La nazione che ha dato al mondo la democrazia parlamentare, lo stato di diritto, la libertà di stampa e di espressione, dall’estate del 2016 è in preda a ideologia, nazionalismo e populismo. E la May, oltre a essere in pugno al Partito unionista democratico, lo è anche alla frangia euroscettica del Partito conservatore. Questa, capeggiata dai vari Boris Johnson, David Davies, Michael Gove e Jacob Rees-Mogg. Sono questi signori ad aver condotto una campagna fuorviante e menzognera per il referendum del 2016, a partire dall’infame promessa di 350 milioni di sterline alla settimana per il Nhs, il servizio sanitario nazionale. Tutti costoro si sono dileguati alle prime difficoltà, continuando però a opporsi a qualsiasi compromesso.
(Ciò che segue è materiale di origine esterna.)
(* Let $(X,x)$ be a pointed diffeological space and let $A$ be a $D$-open neighbourhood of $x$ in $X$, equipped with the sub-diffeology of $X$. Then the inclusion map $A\hookrightarrow X$ induces an isomorphism $T_x(A)\cong T_x(X)$.
   Context: A diffeological space is a set $X$ together with, for every open subset $U$ of every $\mathbb{R}^n$, a set of functions $U\to X$ called plots, such that constant maps are plots, the composite of a plot with a smooth map between open subsets of Euclidean spaces is a plot, and a function which is locally a plot is a plot; smooth maps send plots to plots. The $D$-topology on $X$ is the final topology with respect to all plots; a subset is $D$-open if its preimage under every plot is open. The sub-diffeology on $A\subseteq X$ consists of all maps $U\to A$ whose composite with the inclusion is a plot of $X$. The internal tangent space $T_x(X)$ is the colimit in the category of real vector spaces of the functor on the category whose objects are plots $p:U\to X$ with $U$ a connected open neighbourhood of $0$ in some $\mathbb{R}^n$ and $p(0)=x$, and whose morphisms $p\to q$ (for $q:V\to X$) are smooth maps $f:U\to V$ with $f(0)=0$ and $q\circ f=p$, sending $p$ to $T_0(U)$ and $f$ to $f_*:T_0(U)\to T_0(V)$. Smooth pointed maps induce linear maps between internal tangent spaces. *)

theory Defs
  imports "HOL-Analysis.Analysis"
begin

text \<open>Since the dimension n varies inside the definition of a diffeology, R^n is encoded as
  the subset of nat => real of vectors vanishing at all indices >= n, with the (product =
  Euclidean) topology.\<close>

definition Eucl :: "nat \<Rightarrow> (nat \<Rightarrow> real) set" where
  "Eucl n = {v. \<forall>i\<ge>n. v i = 0}"

definition origin :: "nat \<Rightarrow> real" where
  "origin = (\<lambda>_. 0)"

definition eopen :: "nat \<Rightarrow> (nat \<Rightarrow> real) set \<Rightarrow> bool" where
  "eopen n U \<longleftrightarrow> U \<subseteq> Eucl n \<and> openin (top_of_set (Eucl n)) U"

definition pderiv_at :: "((nat \<Rightarrow> real) \<Rightarrow> real) \<Rightarrow> nat \<Rightarrow> (nat \<Rightarrow> real) \<Rightarrow> real" where
  "pderiv_at g i u = deriv (\<lambda>t. g (u(i := u i + t))) 0"

fun Ck :: "nat \<Rightarrow> (nat \<Rightarrow> real) set \<Rightarrow> nat \<Rightarrow> ((nat \<Rightarrow> real) \<Rightarrow> real) \<Rightarrow> bool" where
  "Ck m V 0 g = continuous_on V g"
| "Ck m V (Suc k) g = (continuous_on V g \<and>
     (\<forall>i<m. \<exists>h. (\<forall>v\<in>V. ((\<lambda>t. g (v(i := v i + t))) has_real_derivative h v) (at 0))
                 \<and> Ck m V k h))"

definition smooth_fn :: "nat \<Rightarrow> (nat \<Rightarrow> real) set \<Rightarrow> ((nat \<Rightarrow> real) \<Rightarrow> real) \<Rightarrow> bool" where
  "smooth_fn m V g \<longleftrightarrow> (\<forall>k. Ck m V k g)"

definition smooth_map ::
  "nat \<Rightarrow> (nat \<Rightarrow> real) set \<Rightarrow> nat \<Rightarrow> (nat \<Rightarrow> real) set \<Rightarrow> ((nat \<Rightarrow> real) \<Rightarrow> (nat \<Rightarrow> real)) \<Rightarrow> bool" where
  "smooth_map m V n U f \<longleftrightarrow> eopen m V \<and> eopen n U \<and> f ` V \<subseteq> U \<and>
     (\<forall>j<n. smooth_fn m V (\<lambda>v. f v j))"

text \<open>A diffeology on the set X is given by the predicate P: P n U p means that U is an open
  subset of R^n and p restricted to U is a plot U -> X (values of p outside U are irrelevant).\<close>

type_synonym 'a plots = "nat \<Rightarrow> (nat \<Rightarrow> real) set \<Rightarrow> ((nat \<Rightarrow> real) \<Rightarrow> 'a) \<Rightarrow> bool"

definition diffeology :: "'a set \<Rightarrow> 'a plots \<Rightarrow> bool" where
  "diffeology X P \<longleftrightarrow>
     (\<forall>n U p. P n U p \<longrightarrow> eopen n U \<and> p ` U \<subseteq> X) \<and>
     (\<forall>n U p q. P n U p \<longrightarrow> (\<forall>u\<in>U. p u = q u) \<longrightarrow> P n U q) \<and>
     (\<forall>n U x. eopen n U \<longrightarrow> x \<in> X \<longrightarrow> P n U (\<lambda>_. x)) \<and>
     (\<forall>n U p m V f. P n U p \<longrightarrow> smooth_map m V n U f \<longrightarrow> P m V (p \<circ> f)) \<and>
     (\<forall>n U p. eopen n U \<longrightarrow> p ` U \<subseteq> X \<longrightarrow>
        (\<forall>u\<in>U. \<exists>W. u \<in> W \<and> W \<subseteq> U \<and> eopen n W \<and> P n W p) \<longrightarrow> P n U p)"

definition D_open :: "'a set \<Rightarrow> 'a plots \<Rightarrow> 'a set \<Rightarrow> bool" where
  "D_open X P A \<longleftrightarrow> A \<subseteq> X \<and>
     (\<forall>n U p. P n U p \<longrightarrow> openin (top_of_set U) {u\<in>U. p u \<in> A})"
E quindi la Brexit slitta. Il vertice di ottobre, che avrebbe dovuto siglare l’accordo di massima sull’uscita del Regno Unito e definire il futuro rapporto con gli altri 27 dell’Ue, non è approdato a nulla. Ora si aspetta il vertice del 13 dicembre. Ma un accordo a dicembre imporrebbe una tempistica quasi impossibile per l’iter di approvazione parlamentare. Westminster chiude i battenti per le vacanze di Natale il 21 dicembre e riapre l’8 gennaio. Con la data di uscita al 19 marzo, non si capisce dove il Parlamento di Westminster troverebbe il tempo per dibattere e votare in modo informato l’eventuale accordo negoziato dalla May a Bruxelles. E forse la strategia della May è questa: ritardare il tutto fino a quando non ci sarà più tempo per un vero vaglio parlamentare e allora far passare il suo compromesso agitando il rischio di un collasso economico totale.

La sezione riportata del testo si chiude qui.